The major difficulty, said Vogelstein, was distinguishing the
“signal from the noise,” in this case, the mutations that
would trigger cancer from the huge number of harmless variants in
kinase genes. “We saw hundreds of changes in genes in cancer
cells that had not been identified before, and for each of these, HHMI
research associate Alberto Bardelli had to perform comparisons with the
normal tissues of the same patient, to see if the mutation was specific
to the cancer,” he said.
Analyses of mutations unique to the cancer cells strongly indicated
that the mutations affect the function of the tyrosine kinases in the
cells, constitutively activating them, said Vogelstein. “Most
importantly, they were in positions of the kinase domains predicted to
alter function, based on analogous mutations that have been seen before
in other kinases,” he said.
According to Vogelstein, these studies of the mutations indicate
that about 30 percent of colorectal cancers have mutations in at least
one kinase, meaning that these cancers will theoretically be vulnerable
to drugs that can block the action of the kinases.

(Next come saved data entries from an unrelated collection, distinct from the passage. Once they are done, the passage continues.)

(* Let $d,r\ge2$. The map $\mathsf v_{d,r}(\mathbf u,\mathbf w)=(\mathbf w,\mathbf u+\langle\mathbf 1,\mathbf w\rangle\mathbf 1)$ restricts to a bijection $\mathbb M_{d,r}\to T_{r,d}$. Define $V:\mathcal M_{d,r}\to\mathrm{Sp}(\mathcal M_{r,d})$ by $V(\mathbf u,\mathbf w)=f_{\mathsf v_{d,r}(\mathbf u,\mathbf w)}$, and $W:\mathcal M_{r,d}\to\mathrm{Sp}(\mathcal M_{d,r})$ by $W(\mathbf y,\mathbf z)=f_{\mathsf v_{r,d}(\mathbf y,\mathbf z)}$ (using the identifications of elements with $\mathbb M_{d,r},\mathbb M_{r,d}$ and of points with $T_{d,r},T_{r,d}$). Then $V$ and $W$ are bijections, $V(m)(n)=W(n)(m)$ for all $m\in\mathcal M_{d,r}$, $n\in\mathcal M_{r,d}$ (explicitly, both equal $\langle\mathbf w,\mathbf y\rangle+\langle\mathbf u,\mathbf z\rangle+\langle\mathbf 1,\mathbf z\rangle\langle\mathbf 1,\mathbf w\rangle$ for $m=(\mathbf u,\mathbf w)$, $n=(\mathbf y,\mathbf z)$), and for each $k\in[d]$, $V^{-1}(\mathrm{Sp}(\mathcal M_{r,d},k))=\{(\mathbf u,\mathbf w)\in\mathbb M_{d,r}:u_k=0\}$, which is the set of elements of the maximal cone $\{u_k=\min_ju_j\}$ of $\Sigma(\mathcal M_{d,r})$ (in chart $M^{(1)}_{d,r}$); symmetrically for $W$. Hence $\mathcal M_{d,r}$ and $\mathcal M_{r,d}$ form a strict dual $\mathbb Z$-pair; in particular $\mathcal M_{d,d}$ is strictly self-dual.
   Context: The polyptych lattice $\mathcal M_{d,r}$ over $\mathbb Z$ (rank $d+r-1$): coordinates $(\mathbf u,\mathbf w)\in\mathbb Z^d\times\mathbb Z^r$; charts $M^{(i)}_{d,r}=\{(\mathbf u,\mathbf w):w_i=0\}$, $i\in[r]$; mutations $\mu_{i,i+1}(\mathbf u,\mathbf w)=(\mathbf u,w_1,\dots,w_{i-1},\min_ju_j-\sum_kw_k,0,w_{i+2},\dots,w_r)$, all others by composition/inversion. Elements of a polyptych lattice are classes of the disjoint union of charts under $m\sim\mu(m)$; its PL fan $\Sigma$ is the coarsest complete fan of cones on whose chart images all mutations are linear; for $\mathcal M_{d,r}$ its maximal cones are $\{u_k=\min\{u_1,\dots,u_d\}\}$, $k\in[d]$, in every chart. Points of a polyptych lattice with charts $M_\alpha$: $p$ with $p(m)+p(m')=\min_\alpha p(\pi_\alpha^{-1}(\pi_\alpha m+\pi_\alpha m'))$ and $p(\lambda m)=\lambda p(m)$; $\mathrm{Sp}(\mathcal M,\alpha)$ are those linear on chart $\alpha$. $\mathbf 1$ denotes the all-ones vector of the appropriate length; $\mathbb M_{d,r}=\{(\mathbf u,\mathbf w)\in\mathbb Z^d\times\mathbb Z^r:\min_ju_j=0\}$ is identified with the elements of $\mathcal M_{d,r}$ via $(\mathbf u,\mathbf w)\mapsto(\varphi_i(\mathbf u,\mathbf w))_i$, $\varphi_i(\mathbf u,\mathbf w)=(\mathbf u+\langle\mathbf 1,\mathbf w\rangle\mathbf 1,\mathbf w)$ with $i$-th $\mathbf w$-coordinate set to $0$. $T_{d,r}=\{(\mathbf a,\mathbf b)\in\mathbb Z^d\times\mathbb Z^r:\sum a_j=\min_ib_i\}$; $(\mathbf a,\mathbf b)\mapsto f_{\mathbf a,\mathbf b}$, $f_{\mathbf a,\mathbf b}(\mathbf u,\mathbf w)=\langle\mathbf a,\mathbf u\rangle+\langle\mathbf b,\mathbf w\rangle$ on $\mathbb M_{d,r}$, identifies $T_{d,r}$ with $\mathrm{Sp}(\mathcal M_{d,r})$, and $T_{d,r}(i)=\{\sum a_j=b_i\}$ with $\mathrm{Sp}(\mathcal M_{d,r},i)$. $\mathcal M_{r,d},\mathbb M_{r,d},T_{r,d},\mathsf v_{r,d}$ are defined the same way with $d,r$ swapped (coordinates $(\mathbf y,\mathbf z)\in\mathbb Z^r\times\mathbb Z^d$). A strict dual $\mathbb Z$-pair consists of maps $V:\mathcal M\to\mathrm{Sp}(\mathcal N)$, $W:\mathcal N\to\mathrm{Sp}(\mathcal M)$ that are bijections, satisfy $V(m)(n)=W(n)(m)$, and such that the preimages of the sets $\mathrm{Sp}(\cdot,\gamma)$ are exactly the maximal cones of the PL fan (on both sides). *)

theory Defs
  imports Main
begin
text \<open>
  Put \<open>b n = n powr (1/p) * Lt (n powr (1/p))\<close>. De Bruijn conjugacy gives
  \<open>b n * L (b n) \<sim> n powr (1/p)\<close>, so \<open>b\<close> tends to infinity, is increasing up to a constant
  factor, and is \<open>O(n)\<close> (for \<open>p = 1\<close> this uses \<open>L \<ge> 1\<close>).

  A single summand with \<open>\<bar>X j - c\<bar> > 2 \<epsilon> b n\<close> forces the maximal partial sum above \<open>\<epsilon> b n\<close>.
  With \<open>q n\<close> the probability that \<open>X 1 - c\<close> exceeds \<open>2 \<epsilon> b n\<close> on one given side, (V) bounds the
  variance of the number of such summands among the first \<open>n\<close> by \<open>C\<close> times its mean \<open>n q n\<close>,
  and the second moment method gives \<open>n q n / (C + n q n) \<le> P(max > \<epsilon> b n)\<close>.
  Summing against \<open>1/n\<close> and using the near monotonicity of \<open>b\<close> yields
  \<open>\<Sum>n. P(\<bar>X 1 - c\<bar> > b n) < \<infinity>\<close>, which is \<open>E (\<bar>X 1\<bar> L \<bar>X 1\<bar>) powr p < \<infinity>\<close> because
  \<open>\<bar>x\<bar> L \<bar>x\<bar> \<le> K n powr (1/p)\<close> whenever \<open>\<bar>x - c\<bar> \<le> b n\<close>. Hence \<open>X 1\<close> is integrable, and the weak
  law of large numbers, which holds under (V) by truncation and Chebyshev's inequality, forces
  \<open>E (X 1) = c\<close> because \<open>b n = O(n)\<close>.
\<close>

section \<open>Slowly varying functions and the normalising sequence\<close>

lemma eventually_mono_powr_mult:
  fixes L Lt :: "real \<Rightarrow> real"
  assumes sv: "slowly_varying L" and sa: "standing_assumptions L Lt" and \<delta>: "\<delta> > 0"
  obtains A where "A > 0" "\<And>y. y \<ge> A \<Longrightarrow> L y > 0"
    "\<And>y y'. A \<le> y \<Longrightarrow> y \<le> y' \<Longrightarrow> y powr \<delta> * L y \<le> y' powr \<delta> * L y'"
proof -
  obtain A1 where A1: "A1 > 0" "\<And>x. x \<ge> A1 \<Longrightarrow> L x > 0"
    using sv unfolding slowly_varying_def by blast
  obtain A2 where A2: "\<And>x. x \<ge> A2 \<Longrightarrow> L differentiable (at x)"
    using sa unfolding standing_assumptions_def by blast
  have "((\<lambda>x. x * deriv L x / L x) \<longlongrightarrow> 0) at_top"
    using sa unfolding standing_assumptions_def by blast
  then have "eventually (\<lambda>x. x * deriv L x / L x > - \<delta>) at_top"
    using order_tendstoD(1)[of _ 0 at_top "- \<delta>"] \<delta> by simp
  then obtain A3 where A3: "\<And>x. x \<ge> A3 \<Longrightarrow> x * deriv L x / L x > - \<delta>"
    unfolding eventually_at_top_linorder by blast
  define A where "A = max A1 (max A2 A3)"
  have "A > 0" unfolding A_def using A1 by simp
  have deriv: "((\<lambda>t. t powr \<delta> * L t) has_real_derivative
      (\<delta> * t powr (\<delta> - 1) * L t + t powr \<delta> * deriv L t)) (at t)" if "t \<ge> A" for t
  proof -
    have "t > 0" using that \<open>A > 0\<close> by simp
    have "(L has_real_derivative deriv L t) (at t)"
      using A2[of t] that unfolding A_def by (simp add: DERIV_deriv_iff_real_differentiable)
    with has_real_derivative_powr[OF \<open>t > 0\<close>, of \<delta>] show ?thesis
      by (auto dest: DERIV_mult simp: mult.commute)
  qed
  have deriv_nonneg: "\<delta> * t powr (\<delta> - 1) * L t + t powr \<delta> * deriv L t \<ge> 0" if "t \<ge> A" for t
  proof -
    have "t > 0" "L t > 0" using that \<open>A > 0\<close> A1 unfolding A_def by auto
    moreover have "t * deriv L t / L t > - \<delta>" using A3 that unfolding A_def by simp
    ultimately have "\<delta> * L t + t * deriv L t > 0" by (simp add: field_simps)
    moreover have "t powr \<delta> = t * t powr (\<delta> - 1)" using \<open>t > 0\<close> by (simp add: powr_diff)
    ultimately show ?thesis using \<open>t > 0\<close>
      by (smt (verit, best) mult.assoc mult.commute distrib_left powr_gt_zero zero_less_mult_iff)
  qed
  show ?thesis
  proof (rule that[OF \<open>A > 0\<close>])
    show "L y > 0" if "y \<ge> A" for y using A1 that unfolding A_def by simp
    show "y powr \<delta> * L y \<le> y' powr \<delta> * L y'" if "A \<le> y" "y \<le> y'" for y y'
      by (rule deriv_nonneg_imp_mono[OF deriv deriv_nonneg]) (use that in auto)
  qed
qed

The survey method demonstrated by the researchers could have a
profound impact on colon cancer treatment strategies, said Vogelstein.
“We envision that in the future, there could be tailored cancer
therapies. For example, each patient with colon cancer could have a
diagnostic analysis to determine which kinases are activated by
mutation — an easy task once you know which ones to look for. Then,
that patient could be treated with a drug that specifically targets
that kinase.”
More broadly, he said, the approach could impact treatment of other
types of cancer. “I think it's a perfectly reasonable speculation
to suggest that ultimately a great majority of cancers will be found to
have at least one drug-targetable mutation, and this could lead to new
avenues for individualized therapy,” he said.
“Two of the major questions to be addressed by our
laboratories are the functional consequences of the mutations we are
finding, and whether these kinases are targets for drugs,” said
Markowitz. “Discovering a new oncogene in a tumor now allows one
to ask the next big questions, what happens when you turn it off? How
big an impact will it have on the behavior of the tumor? Gleevec works
so well in chronic myeloid leukemia because it turns off a tyrosine
kinase that dramatically reverses the cancer process.”